Burnham's Reed Warned by State Ethics Agency on Conflict of Interest

California's government ethics overseers have issued a "warning letter" to a director of the California stem cell agency for attempting to influence the agency's staff to reverse a denial of a $638,000 grant to his research organization.

The attempt by John Reed, CEO of the Burnham Institute of La Jolla, Ca., was first disclosed by the California Stem Cell Report in November 2007.

Subsequently, John M. Simpson, stem cell project director for Consumer Watchdog of Santa Monica, Ca, asked the Fair Political Practices Commission to investigate Reed's action. California's top fiscal officer, Controller John Chiang, also called for an FPPC inquiry. Simpson disclosed the FPPC's warning today in a news release circulated nationally.

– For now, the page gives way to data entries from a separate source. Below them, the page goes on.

(* Let $J\ge 1$, let $\Lambda=\Lambda_0\times\cdots\times\Lambda_J\subset\mathcal{G}$ and $\tilde\Lambda=\tilde\Lambda_0\times\cdots\times\tilde\Lambda_J\subset\mathcal{G}$ be finite product sets with $\Lambda\subseteq\tilde\Lambda$ and $\#(\tilde\Lambda_j\setminus\Lambda_j)=1$ for $j=1,\dots,J$, let $\mathbf{r}\in\ell_2(\mathcal{G})$ with $\operatorname{supp}\mathbf{r}\subseteq\tilde\Lambda$, and let $\alpha\in(0,1)$. Let $\bar\Lambda=\bar\Lambda_0\times\cdots\times\bar\Lambda_J$ be the product set produced by the procedure $\mathrm{Expand}(\mathbf{r},\Lambda,\tilde\Lambda,\alpha)$ described in the context. Then $\|\mathbf{R}_{\bar\Lambda}\mathbf{r}\|\ge\alpha\|\mathbf{r}\|$. Moreover, if $\widehat\Lambda=\widehat\Lambda_0\times\cdots\times\widehat\Lambda_J\subset\mathcal{G}$ is a product set such that $\sum_{j=0}^J\#(\widehat\Lambda_j\setminus\Lambda_j)$ is minimal among all product sets $\Lambda'\subset\mathcal{G}$ satisfying $\|\mathbf{R}_{\Lambda'}\mathbf{r}\|\ge\alpha\|\mathbf{r}\|$, then \[ \sum_{j=0}^J\#(\bar\Lambda_j\setminus\Lambda_j)\le\sum_{j=0}^J\#(\widehat\Lambda_j\setminus\Lambda_j)+J . \]
   Context: Index sets: $\mathcal{F}=\{\nu\in\mathbb{N}_0^{\mathbb{N}}:\nu_i\neq0$ for only finitely many $i\}$, $\mathcal{S}$ a countable index set, $\mathcal{G}_0=\mathcal{F}\times\mathcal{S}$ (elements written $(\bar\nu,\lambda)$), $\mathcal{G}_j=\mathbb{N}_0$ for $j=1,\dots,J$, and $\mathcal{G}=\mathcal{G}_0\times\mathcal{G}_1\times\cdots\times\mathcal{G}_J$; $\|\cdot\|$ is the $\ell_2(\mathcal{G})$ norm. A product set is a set of the form $\Lambda_0\times\cdots\times\Lambda_J$ with $\Lambda_j\subseteq\mathcal{G}_j$. For $\Lambda\subseteq\mathcal{G}$, $\mathbf{R}_\Lambda$ is the operator on $\ell_2(\mathcal{G})$ multiplying pointwise by the indicator function of $\Lambda$. Contractions: for $\mathbf{v}\in\ell_2(\mathcal{G})$, with entries $\mathbf{v}_{(\bar\nu,\lambda),\nu}$ for $(\bar\nu,\lambda)\in\mathcal{G}_0$, $\nu=(\nu_1,\dots,\nu_J)\in\mathcal{G}_1\times\cdots\times\mathcal{G}_J$, define $\pi^{(0)}_{(\bar\nu,\lambda)}(\mathbf{v})=\big(\sum_{\nu}|\mathbf{v}_{(\bar\nu,\lambda),\nu}|^2\big)^{1/2}$ and, for $j=1,\dots,J$ and $\nu_j\in\mathcal{G}_j$, $\pi^{(j)}_{\nu_j}(\mathbf{v})=\big(\sum_{(\bar\nu,\lambda)\in\mathcal{G}_0}\sum_{\check\nu_j}|\mathbf{v}_{(\bar\nu,\lambda),\nu}|^2\big)^{1/2}$, where $\check\nu_j=(\nu_1,\dots,\nu_{j-1},\nu_{j+1},\dots,\nu_J)$ ranges over $\prod_{i\neq j,\,1\le i\le J}\mathcal{G}_i$. Procedure $\mathrm{Expand}(\mathbf{r},\Lambda,\tilde\Lambda,\alpha)$: (1) Consider the finite family of "new-index contractions" consisting of $\pi^{(0)}_{(\bar\nu,\lambda)}(\mathbf{r})$ for $(\bar\nu,\lambda)\in\tilde\Lambda_0\setminus\Lambda_0$ and $\pi^{(j)}_{\nu_j}(\mathbf{r})$ for $\nu_j\in\tilde\Lambda_j\setminus\Lambda_j$, $j=1,\dots,J$, each associated with its mode $j$ and index; arrange them in nonincreasing order $\pi^*_1\ge\pi^*_2\ge\cdots$. (2) Let $M$ be the smallest nonnegative integer with $\sum_{n=1}^M|\pi^*_n|^2+\|\mathbf{R}_\Lambda\mathbf{r}\|^2\ge\alpha^2\|\mathbf{r}\|^2$. (3) For $j=0,\dots,J$ let $\Lambda^{\min}_j$ be $\Lambda_j$ together with the mode-$j$ indices associated with $\pi^*_1,\dots,\pi^*_M$, and $\Lambda^{\min}=\Lambda^{\min}_0\times\cdots\times\Lambda^{\min}_J$. (4) If $\|\mathbf{R}_{\Lambda^{\min}}\mathbf{r}\|\ge\alpha\|\mathbf{r}\|$, output $\bar\Lambda=\Lambda^{\min}$. (5) Otherwise set $\bar\Lambda_j=\tilde\Lambda_j$ for $j=1,\dots,J$; arrange the values $\pi^{(0)}_{(\bar\nu,\lambda)}(\mathbf{r})$, $(\bar\nu,\lambda)\in\tilde\Lambda_0\setminus\Lambda_0$, in nonincreasing order $\pi^{**}_1\ge\pi^{**}_2\ge\cdots$; let $K$ be the smallest nonnegative integer with $\sum_{n=1}^K|\pi^{**}_n|^2+\sum_{(\bar\nu,\lambda)\in\Lambda_0}|\pi^{(0)}_{(\bar\nu,\lambda)}(\mathbf{r})|^2\ge\alpha^2\|\mathbf{r}\|^2$; set $\bar\Lambda_0=\Lambda_0\cup\{$indices associated with $\pi^{**}_1,\dots,\pi^{**}_K\}$, and output $\bar\Lambda=\bar\Lambda_0\times\cdots\times\bar\Lambda_J$. *)

theory Defs
  imports "HOL-Analysis.Analysis"
begin

text \<open>F = finitely supported sequences nat => nat; G0 = F x S with S a countable
type 's; an element of G is a pair (g0, nu) with g0 in G0 and nu :: nat => nat representing
(nu_1,...,nu_J) (entries outside {1..J} are required to be 0).\<close>

definition Fset :: "(nat \<Rightarrow> nat) set" where
  "Fset = {nu. finite {i. nu i \<noteq> 0}}"

definition G0set :: "((nat \<Rightarrow> nat) \<times> 's::countable) set" where
  "G0set = Fset \<times> UNIV"

definition prodset :: "nat \<Rightarrow> ('g set) \<Rightarrow> (nat \<Rightarrow> nat set) \<Rightarrow> ('g \<times> (nat \<Rightarrow> nat)) set" where
  "prodset J L0 Ls = {(g, nu). g \<in> L0 \<and> (\<forall>j\<in>{1..J}. nu j \<in> Ls j) \<and> (\<forall>j. j \<notin> {1..J} \<longrightarrow> nu j = 0)}"

definition l2norm :: "('x \<Rightarrow> real) \<Rightarrow> real" where
  "l2norm v = sqrt (\<Sum>\<^sub>\<infinity>x. (v x)\<^sup>2)"

definition restr :: "'x set \<Rightarrow> ('x \<Rightarrow> real) \<Rightarrow> ('x \<Rightarrow> real)" where
  "restr L v = (\<lambda>x. if x \<in> L then v x else 0)"

definition pi0 :: "('g \<times> (nat \<Rightarrow> nat) \<Rightarrow> real) \<Rightarrow> 'g \<Rightarrow> real" where
  "pi0 v g = sqrt (\<Sum>\<^sub>\<infinity>nu. (v (g, nu))\<^sup>2)"

definition pij :: "('g \<times> (nat \<Rightarrow> nat) \<Rightarrow> real) \<Rightarrow> nat \<Rightarrow> nat \<Rightarrow> real" where
  "pij v j n = sqrt (\<Sum>\<^sub>\<infinity>x \<in> {x. snd x j = n}. (v x)\<^sup>2)"

text \<open>New-index contractions: Inl g for mode 0, Inr (j, n) for mode j >= 1.\<close>

definition new_items :: "nat \<Rightarrow> 'g set \<Rightarrow> (nat \<Rightarrow> nat set) \<Rightarrow> 'g set \<Rightarrow> (nat \<Rightarrow> nat set)
    \<Rightarrow> ('g + nat \<times> nat) set" where
  "new_items J L0 Ls T0 Ts =
     Inl ` (T0 - L0) \<union> {Inr (j, n) | j n. j \<in> {1..J} \<and> n \<in> Ts j - Ls j}"

definition cval :: "('g \<times> (nat \<Rightarrow> nat) \<Rightarrow> real) \<Rightarrow> ('g + nat \<times> nat) \<Rightarrow> real" where
  "cval v i = (case i of Inl g \<Rightarrow> pi0 v g | Inr (j, n) \<Rightarrow> pij v j n)"

text \<open>expand_out J r L0 Ls T0 Ts alpha B0 Bs: (B0, Bs) is a possible output of
Expand(r, Lambda, tilde Lambda, alpha) for some admissible (tie-breaking) nonincreasing ordering.\<close>

definition expand_out :: "nat \<Rightarrow> ('g \<times> (nat \<Rightarrow> nat) \<Rightarrow> real) \<Rightarrow> 'g set \<Rightarrow> (nat \<Rightarrow> nat set)
    \<Rightarrow> 'g set \<Rightarrow> (nat \<Rightarrow> nat set) \<Rightarrow> real \<Rightarrow> 'g set \<Rightarrow> (nat \<Rightarrow> nat set) \<Rightarrow> bool" where
  "expand_out J r L0 Ls T0 Ts \<alpha> B0 Bs \<longleftrightarrow>
    (\<exists>xs. distinct xs \<and> set xs = new_items J L0 Ls T0 Ts \<and>
       sorted_wrt (\<lambda>a b. cval r b \<le> cval r a) xs \<and>
       (let M = (LEAST M. \<alpha>\<^sup>2 * (l2norm r)\<^sup>2 \<le>
                   (\<Sum>i<M. (cval r (xs ! i))\<^sup>2) + (l2norm (restr (prodset J L0 Ls) r))\<^sup>2);
            Lm0 = L0 \<union> {g. Inl g \<in> set (take M xs)};
            Lms = (\<lambda>j. Ls j \<union> {n. Inr (j, n) \<in> set (take M xs)})
        in if \<alpha> * l2norm r \<le> l2norm (restr (prodset J Lm0 Lms) r)
           then B0 = Lm0 \<and> (\<forall>j\<in>{1..J}. Bs j = Lms j)
           else (\<forall>j\<in>{1..J}. Bs j = Ts j) \<and>
                (\<exists>ys. distinct ys \<and> set ys = T0 - L0 \<and>
                   sorted_wrt (\<lambda>a b. pi0 r b \<le> pi0 r a) ys \<and>
                   (let K = (LEAST K. \<alpha>\<^sup>2 * (l2norm r)\<^sup>2 \<le>
                               (\<Sum>i<K. (pi0 r (ys ! i))\<^sup>2) + (\<Sum>g\<in>L0. (pi0 r g)\<^sup>2))
                    in B0 = L0 \<union> set (take K ys)))))"

definition cost :: "nat \<Rightarrow> 'g set \<Rightarrow> (nat \<Rightarrow> nat set) \<Rightarrow> 'g set \<Rightarrow> (nat \<Rightarrow> nat set) \<Rightarrow> nat" where
  "cost J L0 Ls H0 Hs = card (H0 - L0) + (\<Sum>j=1..J. card (Hs j - Ls j))"

text \<open>Competitor product sets Lambda' in G with ||R_Lambda' r|| >= alpha ||r||
(finite differences, so that the cardinalities are the genuine ones; sets with an infinite
difference have infinite cost and can never be minimal).\<close>

definition admissible :: "nat \<Rightarrow> (((nat \<Rightarrow> nat) \<times> 's::countable) \<times> (nat \<Rightarrow> nat) \<Rightarrow> real)
    \<Rightarrow> real \<Rightarrow> ((nat \<Rightarrow> nat) \<times> 's) set \<Rightarrow> (nat \<Rightarrow> nat set)
    \<Rightarrow> ((nat \<Rightarrow> nat) \<times> 's) set \<Rightarrow> (nat \<Rightarrow> nat set) \<Rightarrow> bool" where
  "admissible J r \<alpha> L0 Ls H0 Hs \<longleftrightarrow>
     H0 \<subseteq> G0set \<and> finite (H0 - L0) \<and> (\<forall>j\<in>{1..J}. finite (Hs j - Ls j)) \<and>
     \<alpha> * l2norm r \<le> l2norm (restr (prodset J H0 Hs) r)"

The FPPC said that Reed "intended to influence a decision that had the potential to affect his economic interests." The ethics agency said that Reed's action "raises ethical concerns," declaring,
"We are closing this matter with a warning letter....Dr. Reed is advised that failure to comply with the provisions of (state conflict of interest laws) can result in an enforcement action against him, including monetary penalties of up to $5,000 for each violation."
Reed recused himself from serving on the board during the FPPC investigation and appointed an alternate to fill in.

Simpson said he hoped that the 29 members of the CIRM board of directors had learned from the Reed incident. He said Reed can now return to the board and make a "positive contribution."

In response to an inquiry, Chiang's office said,
"Any conflict of interest threatens CIRM’s credibility and jeopardizes voters’ tremendous investment in stem cell research, which is why CIRM itself adopted a conflict-of-interest policy shortly after its creation.

"CIRM and the ICOC have a tremendous amount of work ahead of them – the controller hopes they can move forward and use the guidance provided by the FPPC to avoid any further conflicts in the grant process."
Simpson noted that the CIRM board is riddled with built-in conflicts of interest as the result of the language of Prop. 71, which created the $3 billion research effort.

Simpson said,
"Most of the people handing out the money are the very same people from the institutions that get the money. That means the conflict rules in place must be strictly adhered to and there must be consequences when they are violated.”
Reed wrote his letter seeking to influence the staff on the advice of CIRM Chairman Robert Klein, an attorney who wrote much of Prop. 71. Klein's action triggered calls for his resignation from The Sacramento Bee and Consumer Watchdog.